Why this page exists. Every design rule on the Models — Employed page — "AUC is banned as a primary metric," "always include a trivially simple baseline," "a CNN is a spatial-context encoder, never a standalone classifier" — descends directly from this episode. If you read only one page about how ML-for-earthquakes goes wrong, read this one.

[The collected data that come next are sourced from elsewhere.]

(* Let $k\ge2$ be an integer. Then for all $n\in\mathbb Z$, $L_k^{(n)}L_k^{(-n)}=H$, where $H=(L_k^{(0)})^2$.
   Context: Fix an integer $k\ge2$. Let $Q_k$ be the $k\times k$ matrix whose first row is all ones, with $(Q_k)_{i+1,i}=1$ for $1\le i\le k-1$ and all other entries $0$, and for $r\in\mathbb Z$ let $Q_k^r$ denote its $r$-th power. The generalized Lucas sequence of order $k$, $(l_{k,n})_{n\in\mathbb Z}$, is the two-sided sequence satisfying $l_{k,n+k}=l_{k,n+k-1}+\dots+l_{k,n}$ for all $n\in\mathbb Z$ with initial values $l_{k,r}=\operatorname{trace}(Q_k^r)$ for $0\le r\le k-1$ (so $l_{k,0}=k$ and $l_{k,r}=2^r-1$ for $1\le r\le k-1$). For $n\in\mathbb Z$ the generalized Lucas matrix $L_k^{(n)}$ is the $k\times k$ matrix with entries $(L_k^{(n)})_{i,1}=l_{k,k+n-i}$ and $(L_k^{(n)})_{i,j}=\sum_{m=n-i+j-1}^{k+n-i-1} l_{k,m}$ for $2\le j\le k$, $1\le i\le k$. *)

theory Defs
  imports "Jordan_Normal_Form.Matrix"
begin

text \<open>The generalized Lucas sequence of order k, two-sided (indexed by int):
  the unique sequence satisfying l(n+k) = l(n+k-1) + ... + l(n) for all integers n,
  with l(0) = k and l(r) = 2^r - 1 for 1 \<le> r \<le> k-1 (these are trace(Q_k^r)).\<close>
definition lucas_seq :: "nat \<Rightarrow> int \<Rightarrow> int" where
  "lucas_seq k = (THE f. (\<forall>n. f (n + int k) = (\<Sum>j<k. f (n + int j)))
                        \<and> f 0 = int k
                        \<and> (\<forall>r. 1 \<le> r \<and> r < k \<longrightarrow> f (int r) = 2 ^ r - 1))"

text \<open>The generalized Lucas matrix L_k^(n), with 0-based indices i' = i-1, j' = j-1:
  entry (i',0) = l(k+n-i'-1); entry (i',j') for j' \<ge> 1 is the sum of l(m)
  for m from n-i'+j'-1 to k+n-i'-2.\<close>
definition lucas_mat :: "nat \<Rightarrow> int \<Rightarrow> int mat" where
  "lucas_mat k n = mat k k (\<lambda>(i, j).
     if j = 0 then lucas_seq k (int k + n - int i - 1)
     else (\<Sum>m\<in>{n - int i + int j - 1 .. int k + n - int i - 2}. lucas_seq k m))"

end

theory Submission
  imports Defs
begin

text \<open>Write L(n) for the Lucas matrix and Q for the companion matrix Q_k. Then
  L(n) Q = Q L(n) = L(n+1), hence L(n+1) L(-n-1) = L(n) Q L(-n-1) = L(n) L(-n), so the
  product does not depend on n. Both shift identities hold for the matrices built from any
  two-sided solution of the recurrence, once the first column is also written as a sum of
  consecutive terms, which the recurrence allows. The initial values only matter to see
  that the sequence defined by THE is such a solution: a solution is determined by k
  consecutive values, and every choice of k initial values extends to one.\<close>

definition kbonacci_rec :: "nat \<Rightarrow> (int \<Rightarrow> int) \<Rightarrow> bool" where
  "kbonacci_rec k f \<longleftrightarrow> (\<forall>n. f (n + int k) = (\<Sum>j<k. f (n + int j)))"

lemma kbonacci_rec_step:
  assumes "kbonacci_rec k f" and "k \<ge> 1"
  shows "f (n + int k) = f n + (\<Sum>j = 1..<k. f (n + int j))"
  using assms by (simp add: kbonacci_rec_def lessThan_atLeast0 sum.atLeast_Suc_lessThan)

lemma kbonacci_rec_sum_reverse:
  assumes "kbonacci_rec k f"
  shows "(\<Sum>r<k. f (a - int r)) = f (a + 1)"
proof -
  have "(\<Sum>r<k. f (a - int r)) = (\<Sum>r<k. f (a + 1 - int k + int (k - Suc r)))"
    by (intro sum.cong refl) auto
  also have "\<dots> = (\<Sum>r<k. f (a + 1 - int k + int r))"
    by (rule sum.nat_diff_reindex)
  also have "\<dots> = f (a + 1)"
    using assms unfolding kbonacci_rec_def by (metis diff_add_cancel)
  finally show ?thesis .
qed

lemma kbonacci_rec_window_shift:
  assumes f: "kbonacci_rec k f" and g: "kbonacci_rec k g" and k: "k \<ge> 1"
  shows "(\<forall>m\<in>{a..<a + int k}. f m = g m) \<longleftrightarrow> (\<forall>m\<in>{a + 1..<a + 1 + int k}. f m = g m)"
proof -
  let ?inner = "\<forall>m\<in>{a + 1..<a + int k}. f m = g m"
  have "{a..<a + int k} = insert a {a + 1..<a + int k}"
    "{a + 1..<a + 1 + int k} = insert (a + int k) {a + 1..<a + int k}"
    using k by auto
  moreover have "?inner \<Longrightarrow> f a = g a \<longleftrightarrow> f (a + int k) = g (a + int k)"
    using kbonacci_rec_step[OF f k, of a] kbonacci_rec_step[OF g k, of a] by simp
  ultimately show ?thesis by auto
qed

lemma kbonacci_rec_eqI:
  assumes f: "kbonacci_rec k f" and g: "kbonacci_rec k g" and k: "k \<ge> 1"
    and initial: "\<And>j. j < k \<Longrightarrow> f (int j) = g (int j)"
  shows "f = g"
proof
  fix n
  have "\<forall>m\<in>{a..<a + int k}. f m = g m" for a
  proof (induction a rule: int_induct[where k = 0])
    case base
    show ?case
    proof
      fix m assume "m \<in> {0..<0 + int k}"
      then show "f m = g m" using initial[of "nat m"] by (simp add: nat_less_iff)
    qed
  next
    case (step1 a)
    then show ?case using kbonacci_rec_window_shift[OF f g k] by blast
  next
    case (step2 a)
    then show ?case using kbonacci_rec_window_shift[OF f g k, of "a - 1"] by simp
  qed
  then show "f n = g n"
    using k by fastforce
qed

text \<open>For negative n the recurrence is solved for its lowest term; the measure puts all
  negative indices above the initial window 0, ..., k - 1.\<close>

function kbonacci_seq :: "nat \<Rightarrow> (nat \<Rightarrow> int) \<Rightarrow> int \<Rightarrow> int" where
  "kbonacci_seq k w n =
     (if n < 0 \<and> k > 0
      then kbonacci_seq k w (n + int k) - (\<Sum>j = 1..<k. kbonacci_seq k w (n + int j))
      else if n < int k then w (nat n)
      else (\<Sum>j<k. kbonacci_seq k w (n - int k + int j)))"
  by auto
termination
  by (relation "measure (\<lambda>(k, w, n). if n < 0 then k + nat (- n) else nat n)") auto

declare kbonacci_seq.simps [simp del]

lemma kbonacci_seq_initial: "j < k \<Longrightarrow> kbonacci_seq k w (int j) = w j"
  by (simp add: kbonacci_seq.simps)

lemma kbonacci_rec_kbonacci_seq:
  assumes "k \<ge> 1"
  shows "kbonacci_rec k (kbonacci_seq k w)"
  unfolding kbonacci_rec_def
proof
  fix n
  show "kbonacci_seq k w (n + int k) = (\<Sum>j<k. kbonacci_seq k w (n + int j))"
  proof (cases "n < 0")
    case True
    then show ?thesis
      using assms by (simp add: kbonacci_seq.simps[of k w n] lessThan_atLeast0 sum.atLeast_Suc_lessThan)
  next
    case False
    then show ?thesis
      by (simp add: kbonacci_seq.simps[of k w "n + int k"])
  qed
qed

lemma kbonacci_rec_lucas_seq:
  assumes "k \<ge> 1"
  shows "kbonacci_rec k (lucas_seq k)"
proof -
  define P where "P f \<longleftrightarrow> kbonacci_rec k f \<and> f 0 = int k
    \<and> (\<forall>r. 1 \<le> r \<and> r < k \<longrightarrow> f (int r) = 2 ^ r - 1)" for f
  define w where "w r = (if r = 0 then int k else 2 ^ r - 1)" for r
  have "P (kbonacci_seq k w)"
    using assms kbonacci_seq_initial[of 0 k w]
    by (simp add: P_def w_def kbonacci_rec_kbonacci_seq kbonacci_seq_initial)
  moreover have "f = kbonacci_seq k w" if "P f" for f
  proof (rule kbonacci_rec_eqI[OF _ _ assms])
    show "kbonacci_rec k f" "kbonacci_rec k (kbonacci_seq k w)"
      using that assms by (simp_all add: P_def kbonacci_rec_kbonacci_seq)
    show "f (int j) = kbonacci_seq k w (int j)" if "j < k" for j
      using \<open>P f\<close> that kbonacci_seq_initial[of 0 k w]
      by (cases "j = 0") (simp_all add: P_def w_def kbonacci_seq_initial)
  qed
  ultimately have "P (THE f. P f)"
    by (rule theI)
  moreover have "lucas_seq k = (THE f. P f)"
    by (simp add: lucas_seq_def P_def kbonacci_rec_def)
  ultimately show ?thesis
    by (simp add: P_def)
qed

definition tail_sum :: "nat \<Rightarrow> (int \<Rightarrow> int) \<Rightarrow> int \<Rightarrow> nat \<Rightarrow> int" where
  "tail_sum k l u j = (\<Sum>s = j..<k. l (u + int s))"

lemma sum_int_interval_eq_tail_sum:
  "(\<Sum>m = u + int j..u + int k - 1. l m) = tail_sum k l u j"
  unfolding tail_sum_def
  by (rule sum.reindex_bij_witness[where i = "\<lambda>s. u + int s" and j = "\<lambda>m. nat (m - u)"]) auto

lemma tail_sum_0:
  assumes "kbonacci_rec k l"
  shows "tail_sum k l u 0 = l (u + int k)"
  using assms by (simp add: kbonacci_rec_def tail_sum_def atLeast0LessThan)

lemma tail_sum_shift:
  assumes "kbonacci_rec k l" and "j < k"
  shows "tail_sum k l (u + 1) j = tail_sum k l u 0 + tail_sum k l u (Suc j)"
proof -
  have "tail_sum k l (u + 1) j = (\<Sum>s = Suc j..<Suc k. l (u + int s))"
    unfolding tail_sum_def sum.shift_bounds_Suc_ivl by (simp add: algebra_simps)
  also have "\<dots> = tail_sum k l u (Suc j) + l (u + int k)"
    using assms(2) by (simp add: tail_sum_def sum.atLeastLessThan_Suc)
  finally show ?thesis
    using tail_sum_0[OF assms(1)] by simp
qed

lemma sum_tail_sum:
  assumes "kbonacci_rec k l"
  shows "(\<Sum>r<k. tail_sum k l (u - int r) j) = tail_sum k l (u + 1) j"
proof -
  have "(\<Sum>r<k. tail_sum k l (u - int r) j) = (\<Sum>s = j..<k. \<Sum>r<k. l (u + int s - int r))"
    unfolding tail_sum_def by (subst sum.swap) (simp add: algebra_simps)
  also have "\<dots> = tail_sum k l (u + 1) j"
    unfolding tail_sum_def kbonacci_rec_sum_reverse[OF assms] by (simp add: algebra_simps)
  finally show ?thesis .
qed

text \<open>With 0-based indices, entry (i, j) of L(n) is l(n-i+j-1) + ... + l(n-i+k-2) also for j = 0,
  where the definition has l(n-i+k-1) instead (see \<open>lucas_mat_eq_seq_mat\<close>).\<close>

definition seq_mat :: "nat \<Rightarrow> (int \<Rightarrow> int) \<Rightarrow> int \<Rightarrow> int mat" where
  "seq_mat k l n = mat k k (\<lambda>(i, j). tail_sum k l (n - int i - 1) j)"

definition companion_mat :: "nat \<Rightarrow> int mat" where
  "companion_mat k = mat k k (\<lambda>(i, j). of_bool (i = 0 \<or> i = Suc j))"

lemma sum_first_and_succ:
  fixes e :: "nat \<Rightarrow> int"
  assumes "j < k"
  shows "(\<Sum>r = 0..<k. e r * of_bool (r = 0 \<or> r = Suc j))
    = e 0 + (if Suc j < k then e (Suc j) else 0)"
proof -
  have "(\<Sum>r = 0..<k. e r * of_bool (r = 0 \<or> r = Suc j)) = sum e ({0..<k} \<inter> {r. r = 0 \<or> r = Suc j})"
    by (rule sum_mult_of_bool_eq) simp
  also have "{0..<k} \<inter> {r. r = 0 \<or> r = Suc j} = (if Suc j < k then {0, Suc j} else {0})"
    using assms by auto
  finally show ?thesis by simp
qed

lemma sum_first_or_pred:
  fixes e :: "nat \<Rightarrow> int"
  assumes "i < k"
  shows "(\<Sum>r = 0..<k. of_bool (i = 0 \<or> i = Suc r) * e r)
    = (if i = 0 then (\<Sum>r<k. e r) else e (i - 1))"
proof -
  have "(\<Sum>r = 0..<k. of_bool (i = 0 \<or> i = Suc r) * e r) = sum e ({0..<k} \<inter> {r. i = 0 \<or> i = Suc r})"
    by (rule sum_of_bool_mult_eq) simp
  also have "{0..<k} \<inter> {r. i = 0 \<or> i = Suc r} = (if i = 0 then {..<k} else {i - 1})"
    using assms by auto
  finally show ?thesis by simp
qed

lemma seq_mat_carrier [simp]: "seq_mat k l n \<in> carrier_mat k k"
  by (simp add: seq_mat_def)

lemma companion_mat_carrier [simp]: "companion_mat k \<in> carrier_mat k k"
  by (simp add: companion_mat_def)

lemma lucas_mat_eq_seq_mat:
  assumes "k \<ge> 1"
  shows "lucas_mat k n = seq_mat k (lucas_seq k) n"
proof (rule eq_matI)
  fix i j assume "i < dim_row (seq_mat k (lucas_seq k) n)" "j < dim_col (seq_mat k (lucas_seq k) n)"
  then have ij: "i < k" "j < k" by (simp_all add: seq_mat_def)
  have "lucas_seq k (int k + n - int i - 1) = tail_sum k (lucas_seq k) (n - int i - 1) 0"
    using tail_sum_0[OF kbonacci_rec_lucas_seq[OF assms]] by (simp add: algebra_simps)
  moreover have "(\<Sum>m = n - int i + int j - 1..int k + n - int i - 2. lucas_seq k m)
      = tail_sum k (lucas_seq k) (n - int i - 1) j"
    using sum_int_interval_eq_tail_sum[where u = "n - int i - 1" and j = j]
    by (simp add: algebra_simps)
  ultimately show "lucas_mat k n $$ (i, j) = seq_mat k (lucas_seq k) n $$ (i, j)"
    using ij by (simp add: lucas_mat_def seq_mat_def)
qed (simp_all add: lucas_mat_def seq_mat_def)

lemma seq_mat_mult_companion:
  assumes "kbonacci_rec k l"
  shows "seq_mat k l n * companion_mat k = seq_mat k l (n + 1)"
proof (rule eq_matI)
  fix i j assume "i < dim_row (seq_mat k l (n + 1))" "j < dim_col (seq_mat k l (n + 1))"
  then have ij: "i < k" "j < k" by (simp_all add: seq_mat_def)
  let ?e = "tail_sum k l (n - int i - 1)"
  have "(seq_mat k l n * companion_mat k) $$ (i, j) = (\<Sum>r = 0..<k. ?e r * of_bool (r = 0 \<or> r = Suc j))"
    using ij by (simp add: seq_mat_def companion_mat_def scalar_prod_def)
  also have "\<dots> = ?e 0 + ?e (Suc j)"
    using sum_first_and_succ[OF ij(2), of ?e] by (cases "Suc j < k") (simp_all add: tail_sum_def)
  also have "\<dots> = seq_mat k l (n + 1) $$ (i, j)"
    using ij tail_sum_shift[OF assms ij(2), of "n - int i - 1"] by (simp add: seq_mat_def)
  finally show "(seq_mat k l n * companion_mat k) $$ (i, j) = seq_mat k l (n + 1) $$ (i, j)" .
qed (simp_all add: seq_mat_def companion_mat_def)

lemma companion_mult_seq_mat:
  assumes "kbonacci_rec k l"
  shows "companion_mat k * seq_mat k l n = seq_mat k l (n + 1)"
proof (rule eq_matI)
  fix i j assume "i < dim_row (seq_mat k l (n + 1))" "j < dim_col (seq_mat k l (n + 1))"
  then have ij: "i < k" "j < k" by (simp_all add: seq_mat_def)
  let ?e = "\<lambda>r. tail_sum k l (n - 1 - int r) j"
  have "(companion_mat k * seq_mat k l n) $$ (i, j) = (\<Sum>r = 0..<k. of_bool (i = 0 \<or> i = Suc r) * ?e r)"
    using ij by (simp add: seq_mat_def companion_mat_def scalar_prod_def algebra_simps)
  also have "\<dots> = (if i = 0 then (\<Sum>r<k. ?e r) else ?e (i - 1))"
    by (rule sum_first_or_pred[OF ij(1)])
  also have "\<dots> = seq_mat k l (n + 1) $$ (i, j)"
    using ij sum_tail_sum[OF assms, of "n - 1" j] by (simp add: seq_mat_def)
  finally show "(companion_mat k * seq_mat k l n) $$ (i, j) = seq_mat k l (n + 1) $$ (i, j)" .
qed (simp_all add: seq_mat_def companion_mat_def)

lemma seq_mat_mult_neg_succ:
  assumes "kbonacci_rec k l"
  shows "seq_mat k l (n + 1) * seq_mat k l (- (n + 1)) = seq_mat k l n * seq_mat k l (- n)"
proof -
  have "seq_mat k l (n + 1) * seq_mat k l (- (n + 1))
      = seq_mat k l n * companion_mat k * seq_mat k l (- n - 1)"
    by (simp add: seq_mat_mult_companion[OF assms])
  also have "\<dots> = seq_mat k l n * (companion_mat k * seq_mat k l (- n - 1))"
    by (rule assoc_mult_mat[OF seq_mat_carrier companion_mat_carrier seq_mat_carrier])
  also have "\<dots> = seq_mat k l n * seq_mat k l (- n)"
    by (simp add: companion_mult_seq_mat[OF assms])
  finally show ?thesis .
qed

lemma seq_mat_mult_neg:
  assumes "kbonacci_rec k l"
  shows "seq_mat k l n * seq_mat k l (- n) = seq_mat k l 0 * seq_mat k l 0"
proof (induction n rule: int_induct[where k = 0])
  case (step1 i)
  then show ?case
    using seq_mat_mult_neg_succ[OF assms, of i] by simp
next
  case (step2 i)
  then show ?case
    using seq_mat_mult_neg_succ[OF assms, of "i - 1"] by simp
qed simp

theorem theorem6:
  fixes k :: nat and n :: int
  assumes "k \<ge> 2"
  shows "lucas_mat k n * lucas_mat k (- n) = lucas_mat k 0 * lucas_mat k 0"
proof -
  have k: "k \<ge> 1"
    using assms by simp
  show ?thesis
    unfolding lucas_mat_eq_seq_mat[OF k]
    by (rule seq_mat_mult_neg[OF kbonacci_rec_lucas_seq[OF k]])
qed

end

The setup: spatial aftershock forecasting
The original claim — DeVries et al. 2018
The refutation — Mignan & Broccardo 2019 ("one neuron")
The reply — DeVries et al. 2019
Why AUC is the wrong metric for forecasting
Effective sample size: 131,000 rows ≠ 131,000 samples
The five evaluation lessons (baked into this product)
How this product uses CNNs safely
References

1. The setup: spatial aftershock forecasting

After a large mainshock, aftershocks cluster in space in a pattern related to the static stress change the mainshock imposed on the surrounding crust. The classical hypothesis is the Coulomb failure stress change,

$$\Delta \mathrm{CFS} = \Delta\tau + \mu',\Delta\sigma_n,$$

where $\Delta\tau$ is the shear-stress change on a chosen fault plane, $\Delta\sigma_n$ the normal- stress change, and $\mu'$ an effective friction coefficient. Where $\Delta\mathrm{CFS} > 0$, faults are pushed toward failure; where it is negative, they are relaxed. The forecasting question is: given the mainshock's computed stress field, which grid cells will light up with aftershocks?

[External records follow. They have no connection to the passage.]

lemma hinner_noise_noise_base_independent:
  "hinner (noise t q) (noise s q) = hinner (noise t r) (noise s r)"
proof (rule has_derivative_zero_unique[where f = "\<lambda>q. hinner (noise t q) (noise s q)",
      OF convex_UNIV])
  fix q
  have "hinner (w q) (noise s q) = 0"
    using hinner_noise_w[of s q] hinner_commute[of "w q" "noise s q"] by simp
  then have "hinner (noise t q) (hscale (K s q) (w q))
      + hinner (hscale (K t q) (w q)) (noise s q) = 0"
    using hinner_noise_w[of t q] by (simp add: hinner_scale_left hinner_scale_right)
  moreover have "((\<lambda>q. hinner (noise t q) (noise s q)) has_vector_derivative
      hinner (noise t q) (hscale (K s q) (w q)) + hinner (hscale (K t q) (w q)) (noise s q)) (at q)"
    by (rule bounded_bilinear.has_vector_derivative[OF bounded_bilinear_hinner
        noise_has_vector_derivative noise_has_vector_derivative])
  ultimately show "((\<lambda>q. hinner (noise t q) (noise s q)) has_derivative (\<lambda>h. 0))
      (at q within UNIV)"
    by (simp add: has_vector_derivative_def)
qed auto

lemma kernel_eq_noise_correlation:
  "K t s = - (hinner (noise t q) (noise s q) / hinner (w s) (w s))"
proof -
  have "noise s s = orth_part (w s) (a s)"
    by (simp add: noise_def)
  then show ?thesis
    using kernel_eq_hinner_noise[of t s] hinner_noise_noise_base_independent[of t q s s]
      hinner_w_self_nonzero[of s]
    by (simp add: field_simps)
qed

end

theorem corollary6:
  fixes U :: "real \<Rightarrow> real \<Rightarrow> 'a::complex_hilbert \<Rightarrow> 'a"
    and t0 :: real and z :: 'a
    and K :: "real \<Rightarrow> real \<Rightarrow> complex"
  assumes bdd: "\<And>t s. bounded_clinear_op (U t s)"
    and strong_cont: "\<And>x. continuous_on UNIV (\<lambda>(t, s). U t s x)"
    and U_id: "\<And>t x. U t t x = x"
    and U_comp: "\<And>r s t x. U r s (U t r x) = U t s x"
    and z_dom: "z \<in> gen_dom_all U"
    and z_nz: "z \<noteq> 0"
    and z_cont: "continuous_on UNIV (\<lambda>t. U t t0 (gen U t z))"
    and K_cont: "\<And>t. continuous_on UNIV (K t)"
    and K_eq: "\<And>t s.
      (let ip = (\<lambda>\<tau> x y. hinner (U \<tau> t0 x) (U \<tau> t0 y));
           Q = (\<lambda>\<tau> y. y - hscale (ip \<tau> y z / ip \<tau> z z) z)
       in K t s = - (ip s (U t s (Q t (gen U t z))) (Q s (gen U s z)) / ip s z z)
                  + oint s t (\<lambda>r. K t r * (ip s (U r s z) (Q s (gen U s z)) / ip s z z)))"
  shows "\<forall>t s.
      (let ip = (\<lambda>\<tau> x y. hinner (U \<tau> t0 x) (U \<tau> t0 y));
           Q = (\<lambda>\<tau> y. y - hscale (ip \<tau> y z / ip \<tau> z z) z);
           \<eta> = (\<lambda>t' s'. U t' s' (Q t' (gen U t' z)) - oint s' t' (\<lambda>r. hscale (K t' r) (U r s' z)))
       in ip s (\<eta> t s) z = 0 \<and> K t s = - (hinner (\<eta> t t0) (\<eta> s t0) / ip s z z))"
proof -
  interpret evolution_family U
    using bdd strong_cont U_id U_comp by unfold_locales
  define w where "w r = U r t0 z" for r
  define a where "a r = U r t0 (gen U r z)" for r
  interpret memory_kernel w a K
  proof
    show "(w has_vector_derivative a r) (at r)" for r
      using z_dom unfolding w_def a_def gen_dom_all_def by (intro orbit_has_vector_derivative) blast
    show "continuous_on UNIV a"
      using z_cont by (simp add: a_def)
    show "w r \<noteq> 0" for r
      using z_nz by (simp add: w_def U_eq_0_iff)
    show "continuous_on UNIV (K t)" for t
      by (rule K_cont)
    show "K t s = - (hinner (orth_part (w t) (a t)) (orth_part (w s) (a s)) / hinner (w s) (w s))
      + oint s t (\<lambda>r. K t r * (hinner (w r) (orth_part (w s) (a s)) / hinner (w s) (w s)))" for t s
      using K_eq[of t s] by (simp add: Let_def U_compose U_orth_component w_def a_def)
  qed
  have noise_transport: "U s t0 (U t s (gen U t z - hscale (hinner (U t t0 (gen U t z)) (U t t0 z)
      / hinner (U t t0 z) (U t t0 z)) z) - oint s t (\<lambda>r. hscale (K t r) (U r s z))) = noise t s"
    for t s
    using U_orth_component_minus_oint[OF K_cont] by (simp add: noise_def w_def a_def)
  show ?thesis
    unfolding Let_def noise_transport noise_transport[where s = t0, unfolded U_same]
    using hinner_noise_w kernel_eq_noise_correlation by (simp add: w_def)
qed

end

This is a tempting target for deep learning — it is a spatial pattern-recognition problem with rich physical inputs (the full stress tensor) and a large apparent dataset (every grid cell around every mainshock is a labelled example). That temptation is exactly the trap.

2. The original claim — DeVries et al. 2018

DeVries, Viegas, Wattenberg & Meade (2018), Deep learning of aftershock patterns following large earthquakes, Nature 560:632–634 (doi:10.1038/s41586-018-0438-y).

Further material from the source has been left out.